The Avon Longitudinal Study of Parents and Children (ALSPAC) is a prospective population-based cohort which recruited pregnant women in 1990-1992 and has followed these women, their partners (Generation 0;G0) and their offspring (Generation 1;G1) ever since. The study reacted rapidly and repeatedly to the coronavirus disease 2019 (COVID-19) pandemic, deploying multiple online questionnaires and a previous home-based antibody test in October 2020. A second antibody test, in collaboration with ten other longitudinal population studies, was completed by 4,622 ALSPAC participants between April and June 2021. Of participants with a valid spike protein antibody test result (4,241;8.2% void), indicating antibody response to either COVID-19 vaccination or natural infection, 3,172 were positive (74.8%). Generational differences were substantial, with 2,463/2,555 G0 participants classified positive (96.4%) compared to 709/1,686 G1 participants (42.1%).
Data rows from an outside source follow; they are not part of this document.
definition mutate :: "nat \<Rightarrow> (nat \<Rightarrow> bool) \<Rightarrow> (nat \<Rightarrow> bool) pmf" where
  "mutate n x = map_pmf (\<lambda>fl i. x i \<noteq> fl i)
                   (Pi_pmf {..<n} False (\<lambda>_. bernoulli_pmf (1 / real n)))"

definition ea_step :: "nat \<Rightarrow> ((nat \<Rightarrow> bool) \<Rightarrow> real) \<Rightarrow> (nat \<Rightarrow> bool) \<Rightarrow> (nat \<Rightarrow> bool) pmf" where
  "ea_step n f x = map_pmf (\<lambda>y. if f y \<le> f x then y else x) (mutate n x)"

fun ea_traj :: "nat \<Rightarrow> ((nat \<Rightarrow> bool) \<Rightarrow> real) \<Rightarrow> nat \<Rightarrow> (nat \<Rightarrow> bool) list pmf" where
  "ea_traj n f 0 = map_pmf (\<lambda>x. [x]) (ea_init n)"
| "ea_traj n f (Suc t) =
     bind_pmf (ea_traj n f t) (\<lambda>xs. map_pmf (\<lambda>y. xs @ [y]) (ea_step n f (last xs)))"

definition opt_value :: "nat \<Rightarrow> ((nat \<Rightarrow> bool) \<Rightarrow> real) \<Rightarrow> real" where
  "opt_value n f = Min (f ` bitstrings n)"

text \<open>Expected optimization time E[T_f] = sum over t of Pr[T_f > t]
  (tail-sum formula, in ennreal so that an infinite expectation is allowed);
  T_f > t iff none of x0..xt is optimal.\<close>
definition expected_opt_time :: "nat \<Rightarrow> ((nat \<Rightarrow> bool) \<Rightarrow> real) \<Rightarrow> ennreal" where
  "expected_opt_time n f =
     (\<Sum>t. ennreal (measure_pmf.prob (ea_traj n f t)
                      {xs. \<forall>x\<in>set xs. f x \<noteq> opt_value n f}))"

end

(* Let z be the unique optimum and d(x) the Hamming distance from x to z. For a weight
   0 < v < 1 the potential (1 - v)^d(x) equals 1 exactly at z. Elitist selection keeps the parent
   or the offspring, so one step raises the expected potential at most to that of the maximum of
   the two, and an exact computation over the independent bit flips shows that, as long as
   d(x) <= zeta n, the result is at most (1 - v e^(-c/n))^d(x), with c slightly above 1/e; for
   d(x) > zeta n the potential is exponentially small anyway. Letting the weight decay by the
   factor e^(-c/n) per step, the expected potential of x_h with weight e^(-c) is at most
   ((2 - v_h)/2)^n + h exp(-Omega(n^(delta/2))), where v_h = e^(-c(h+n)/n), and this bounds
   Pr[x_h = z]. For h below (1 - delta) e n ln n the bound is o(1), so the tail sum gives
   E[T] >= (1 - 2 delta) e n ln n for large n, and a diagonal choice of delta yields epsilon. *)

theory Submission
  imports Defs "HOL-Real_Asymp.Real_Asymp"
begin

lemma finite_bitstrings: "finite (bitstrings n)"
proof (rule finite_subset)
  show "bitstrings n \<subseteq> (\<lambda>S i. i \<in> S) ` Pow {..<n}"
  proof
    fix x assume "x \<in> bitstrings n"
    then have "{i. x i} \<in> Pow {..<n}" by (auto simp: bitstrings_def) (meson not_less)
    then show "x \<in> (\<lambda>S i. i \<in> S) ` Pow {..<n}" by (rule rev_image_eqI) simp
  qed
qed simp

definition flip_pmf :: "nat \<Rightarrow> real \<Rightarrow> (nat \<Rightarrow> bool) pmf" where
  "flip_pmf n p = Pi_pmf {..<n} False (\<lambda>_. bernoulli_pmf p)"

lemma set_pmf_Pi_pmf_bitstrings: "set_pmf (Pi_pmf {..<n} False q) \<subseteq> bitstrings n"
  using set_Pi_pmf_subset[of "{..<n}" False q] by (auto simp: bitstrings_def)

lemma finite_set_flip_pmf: "finite (set_pmf (flip_pmf n p))"
  unfolding flip_pmf_def by (rule finite_subset[OF set_pmf_Pi_pmf_bitstrings finite_bitstrings])

lemma integrable_flip_pmf: "integrable (measure_pmf (flip_pmf n p)) (g :: _ \<Rightarrow> real)"
  by (rule integrable_measure_pmf_finite[OF finite_set_flip_pmf])

lemma mutate_eq_flip_pmf: "mutate n x = map_pmf (\<lambda>fl i. x i \<noteq> fl i) (flip_pmf n (1 / real n))"
  by (simp add: mutate_def flip_pmf_def)

lemma set_pmf_mutate_subset: "x \<in> bitstrings n \<Longrightarrow> set_pmf (mutate n x) \<subseteq> bitstrings n"
  unfolding mutate_def using set_pmf_Pi_pmf_bitstrings[of n] by (auto simp: bitstrings_def)

lemma set_pmf_ea_step_subset: "x \<in> bitstrings n \<Longrightarrow> set_pmf (ea_step n f x) \<subseteq> bitstrings n"
  unfolding ea_step_def using set_pmf_mutate_subset[of x n] by auto

lemma set_pmf_ea_init_subset: "set_pmf (ea_init n) \<subseteq> bitstrings n"
  unfolding ea_init_def by (rule set_pmf_Pi_pmf_bitstrings)

lemma finite_set_pmf_ea_step: "x \<in> bitstrings n \<Longrightarrow> finite (set_pmf (ea_step n f x))"
  by (rule finite_subset[OF set_pmf_ea_step_subset finite_bitstrings])

locale unique_minimizer =
  fixes n :: nat and f :: "(nat \<Rightarrow> bool) \<Rightarrow> real" and z :: "nat \<Rightarrow> bool"
  assumes minimizer_in_bitstrings: "z \<in> bitstrings n"
    and minimal: "\<And>y. y \<in> bitstrings n \<Longrightarrow> f z \<le> f y"
    and unique: "\<And>y. y \<in> bitstrings n \<Longrightarrow> f y \<le> f z \<Longrightarrow> y = z"

lemma unique_minimizerE:
  assumes "\<exists>!z. z \<in> bitstrings n \<and> (\<forall>y\<in>bitstrings n. f z \<le> f y)"
  obtains z where "unique_minimizer n f z"
proof -
  obtain z where z: "z \<in> bitstrings n" "\<forall>y\<in>bitstrings n. f z \<le> f y"
    and uniq: "\<And>y. y \<in> bitstrings n \<Longrightarrow> \<forall>x\<in>bitstrings n. f y \<le> f x \<Longrightarrow> y = z"
    using assms by blast
  have "unique_minimizer n f z"
  proof
    fix y assume y: "y \<in> bitstrings n" and "f y \<le> f z"
    then have "\<forall>x\<in>bitstrings n. f y \<le> f x" using z(2) by fastforce
    then show "y = z" using uniq y by blast
  qed (use z in auto)
  then show thesis by (rule that)
qed

context unique_minimizer
begin

lemma opt_value_eq: "opt_value n f = f z"
  unfolding opt_value_def
proof (rule Min_eqI)
  show "finite (f ` bitstrings n)" using finite_bitstrings by simp
  show "\<And>y. y \<in> f ` bitstrings n \<Longrightarrow> f z \<le> y" using minimal by auto
  show "f z \<in> f ` bitstrings n" using minimizer_in_bitstrings by simp
qed

lemma set_pmf_ea_step_minimizer: "set_pmf (ea_step n f z) = {z}"
proof -
  have "set_pmf (ea_step n f z) \<subseteq> {z}"
  proof
    fix y assume "y \<in> set_pmf (ea_step n f z)"
    then obtain y' where y': "y' \<in> set_pmf (mutate n z)" and y: "y = (if f y' \<le> f z then y' else z)"
      unfolding ea_step_def by auto
    have "y' \<in> bitstrings n"
      using y' set_pmf_mutate_subset[OF minimizer_in_bitstrings] by blast
    then have "f y' \<le> f z \<Longrightarrow> y' = z" by (rule unique)
    then show "y \<in> {z}" using y by auto
  qed
  moreover have "set_pmf (ea_step n f z) \<noteq> {}" by (rule set_pmf_not_empty)
  ultimately show ?thesis by blast
qed

lemma set_pmf_ea_traj:
  assumes "xs \<in> set_pmf (ea_traj n f t)"
  shows "xs \<noteq> []" "set xs \<subseteq> bitstrings n" "z \<in> set xs \<Longrightarrow> last xs = z"
proof -
  have "xs \<noteq> [] \<and> set xs \<subseteq> bitstrings n \<and> (z \<in> set xs \<longrightarrow> last xs = z)"
    using assms
  proof (induction t arbitrary: xs)
    case 0
    then show ?case using set_pmf_ea_init_subset[of n] by auto
  next
    case (Suc t)
    then obtain ys y where ys: "ys \<in> set_pmf (ea_traj n f t)"
      and y: "y \<in> set_pmf (ea_step n f (last ys))" and xs: "xs = ys @ [y]"
      by auto
    from Suc.IH[OF ys] have IH: "ys \<noteq> []" "set ys \<subseteq> bitstrings n" "z \<in> set ys \<longrightarrow> last ys = z"
      by auto
    have "y \<in> bitstrings n"
      using set_pmf_ea_step_subset[of "last ys" n f] y IH(1,2) last_in_set by blast
    moreover have "z \<in> set xs \<longrightarrow> y = z"
      using IH(3) y set_pmf_ea_step_minimizer xs by auto
    ultimately show ?case using xs IH by auto
  qed
  then show "xs \<noteq> []" "set xs \<subseteq> bitstrings n" "z \<in> set xs \<Longrightarrow> last xs = z" by auto
qed

end

definition hamming_dist :: "nat \<Rightarrow> (nat \<Rightarrow> bool) \<Rightarrow> (nat \<Rightarrow> bool) \<Rightarrow> nat" where
  "hamming_dist n z x = card {i\<in>{..<n}. x i \<noteq> z i}"

lemma hamming_dist_le: "hamming_dist n z x \<le> n"
proof -
  have "hamming_dist n z x \<le> card {..<n}"
    unfolding hamming_dist_def by (rule card_mono) auto
  then show ?thesis by simp
qed

lemma hamming_dist_self [simp]: "hamming_dist n z z = 0"
  by (simp add: hamming_dist_def)

definition flip_count :: "nat set \<Rightarrow> (nat \<Rightarrow> bool) \<Rightarrow> nat" where
  "flip_count S fl = card {i\<in>S. fl i}"

lemma hamming_dist_flip:
  fixes n :: nat and x z fl :: "nat \<Rightarrow> bool"
  defines "W \<equiv> {i\<in>{..<n}. x i \<noteq> z i}"
  shows "hamming_dist n z (\<lambda>i. x i \<noteq> fl i) + flip_count W fl
       = hamming_dist n z x + flip_count ({..<n} - W) fl"
proof -
  have "{i\<in>{..<n}. (x i \<noteq> fl i) \<noteq> z i} = (W - {i\<in>W. fl i}) \<union> {i\<in>{..<n} - W. fl i}"
    unfolding W_def by auto
  then have "card {i\<in>{..<n}. (x i \<noteq> fl i) \<noteq> z i} = card (W - {i\<in>W. fl i}) + card {i\<in>{..<n} - W. fl i}"
    by (simp only:) (rule card_Un_disjoint; auto simp: W_def)
  moreover have "card (W - {i\<in>W. fl i}) = card W - card {i\<in>W. fl i}"
    by (rule card_Diff_subset) (auto simp: W_def)
  moreover have "card {i\<in>W. fl i} \<le> card W"
    by (rule card_mono) (auto simp: W_def)
  ultimately show ?thesis
    by (simp add: hamming_dist_def flip_count_def W_def)
qed

section \<open>Expectations under independent bit flips\<close>

lemma prod_if_eq_power:
  assumes "finite S"
  shows "(\<Prod>i\<in>S. if P i then (c::real) else e) = c ^ card {i\<in>S. P i} * e ^ card {i\<in>S. \<not> P i}"
proof -
  have "(\<Prod>i\<in>S. if P i then c else e) = prod (\<lambda>_. c) (S \<inter> {x. P x}) * prod (\<lambda>_. e) (S \<inter> - {x. P x})"
    by (rule prod.If_cases[OF assms])
  also have "S \<inter> {x. P x} = {i\<in>S. P i}" by auto
  also have "S \<inter> - {x. P x} = {i\<in>S. \<not> P i}" by auto
  finally show ?thesis by simp
qed

lemma prod_if_mem_eq_power:
  assumes "finite S" "W \<subseteq> S"
  shows "(\<Prod>i\<in>S. if i \<in> W then (c::real) else e) = c ^ card W * e ^ (card S - card W)"
proof -
  have "{i\<in>S. i \<in> W} = W" "{i\<in>S. i \<notin> W} = S - W" using assms(2) by auto
  then show ?thesis
    using prod_if_eq_power[OF assms(1), of "\<lambda>i. i \<in> W"] card_Diff_subset[OF finite_subset[OF assms(2,1)] assms(2)]
    by simp
qed

lemma expectation_flip_pmf_prod:
  fixes g :: "nat \<Rightarrow> bool \<Rightarrow> real"
  assumes "0 \<le> p" "p \<le> 1" and "\<And>i b. g i b \<ge> 0"
  shows "measure_pmf.expectation (flip_pmf n p) (\<lambda>fl. \<Prod>i<n. g i (fl i))
       = (\<Prod>i<n. g i True * p + g i False * (1 - p))"
proof -
  have "measure_pmf.expectation (flip_pmf n p) (\<lambda>fl. \<Prod>i<n. g i (fl i))
     = (\<Prod>i<n. measure_pmf.expectation (bernoulli_pmf p) (g i))"
    unfolding flip_pmf_def
    by (rule expectation_prod_Pi_pmf) (auto simp: assms(3) intro!: integrable_measure_pmf_finite)
  then show ?thesis using assms(1,2) by (simp add: integral_bernoulli_pmf)
qed

context
  fixes n :: nat and p w :: real and W :: "nat set"
  assumes W: "W \<subseteq> {..<n}" and p: "0 \<le> p" "p \<le> 1" and w: "0 \<le> w"
begin

lemma power_flip_count_eq_prod:
  "w ^ flip_count W fl = (\<Prod>i<n. if i \<in> W \<and> fl i then w else 1)"
proof -
  have "{i\<in>{..<n}. i \<in> W \<and> fl i} = {i\<in>W. fl i}" using W by auto
  then show ?thesis by (simp add: prod_if_eq_power flip_count_def)
qed

lemma expectation_power_flip_count:
  "measure_pmf.expectation (flip_pmf n p) (\<lambda>fl. w ^ flip_count W fl) = (w * p + (1 - p)) ^ card W"
proof -
  have "measure_pmf.expectation (flip_pmf n p) (\<lambda>fl. w ^ flip_count W fl)
      = (\<Prod>i<n. (if i \<in> W then w else 1) * p + 1 * (1 - p))"
    unfolding power_flip_count_eq_prod
    by (subst expectation_flip_pmf_prod) (use p w in \<open>auto intro!: prod.cong\<close>)
  also have "\<dots> = (\<Prod>i<n. if i \<in> W then w * p + (1 - p) else 1)"
    by (rule prod.cong) auto
  finally show ?thesis using W by (simp add: prod_if_mem_eq_power)
qed

lemma expectation_power_flip_count_if_outside_zero:
  "measure_pmf.expectation (flip_pmf n p)
     (\<lambda>fl. if flip_count ({..<n} - W) fl = 0 then w ^ flip_count W fl else 0)
   = (w * p + (1 - p)) ^ card W * (1 - p) ^ (n - card W)"
proof -
  have no_outside: "(if flip_count ({..<n} - W) fl = 0 then 1 else 0)
                  = (\<Prod>i<n. if i \<notin> W \<and> fl i then 0 else (1::real))" for fl
  proof -
    have "{i\<in>{..<n}. i \<notin> W \<and> fl i} = {i\<in>{..<n} - W. fl i}" by auto
    then have "(\<Prod>i<n. if i \<notin> W \<and> fl i then 0 else (1::real)) = 0 ^ flip_count ({..<n} - W) fl"
      by (simp add: prod_if_eq_power flip_count_def)
    then show ?thesis by (simp add: power_0_left)
  qed
  have "(if flip_count ({..<n} - W) fl = 0 then w ^ flip_count W fl else 0)
      = (\<Prod>i<n. (if i \<in> W \<and> fl i then w else 1) * (if i \<notin> W \<and> fl i then 0 else 1))" for fl
    using no_outside[of fl] by (simp add: prod.distrib power_flip_count_eq_prod split: if_splits)
  then have "measure_pmf.expectation (flip_pmf n p)
      (\<lambda>fl. if flip_count ({..<n} - W) fl = 0 then w ^ flip_count W fl else 0)
      = (\<Prod>i<n. if i \<in> W then w * p + (1 - p) else 1 - p)"
    by (simp only:) (subst expectation_flip_pmf_prod; use p w in \<open>auto intro!: prod.cong\<close>)
  also have "\<dots> = (w * p + (1 - p)) ^ card W * (1 - p) ^ (n - card W)"
    using W by (simp add: prod_if_mem_eq_power)
  finally show ?thesis .
qed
Of participants with a valid nucleocapsid antibody test result (4,199;9.2% void), suggesting potential and recent natural infection, 493 were positive (11.7%);with 248/2,526 G0 participants (9.8%) and 245/1,673 G1 participants (14.6%) testing positive, respectively. We also compare results for this round of testing to that undertaken in October 2020. Future work will combine these test results with additional sources of data to identify participants' COVID-19 infection and vaccination status. These ALSPAC COVID-19 serology data are being complemented with linkage to health records and Public Health England pillar testing results as they become available, in addition to four previous questionnaire waves and a prior antibody test. Data have been released as an update to the previous COVID-19 datasets. These comprise: 1) a standard dataset containing all participant responses to all four previous questionnaires with key sociodemographic factors;and 2) individual participant-specific release files enabling bespoke research across all areas supported by the study. This data note describes the second ALSPAC antibody test and the data obtained from it.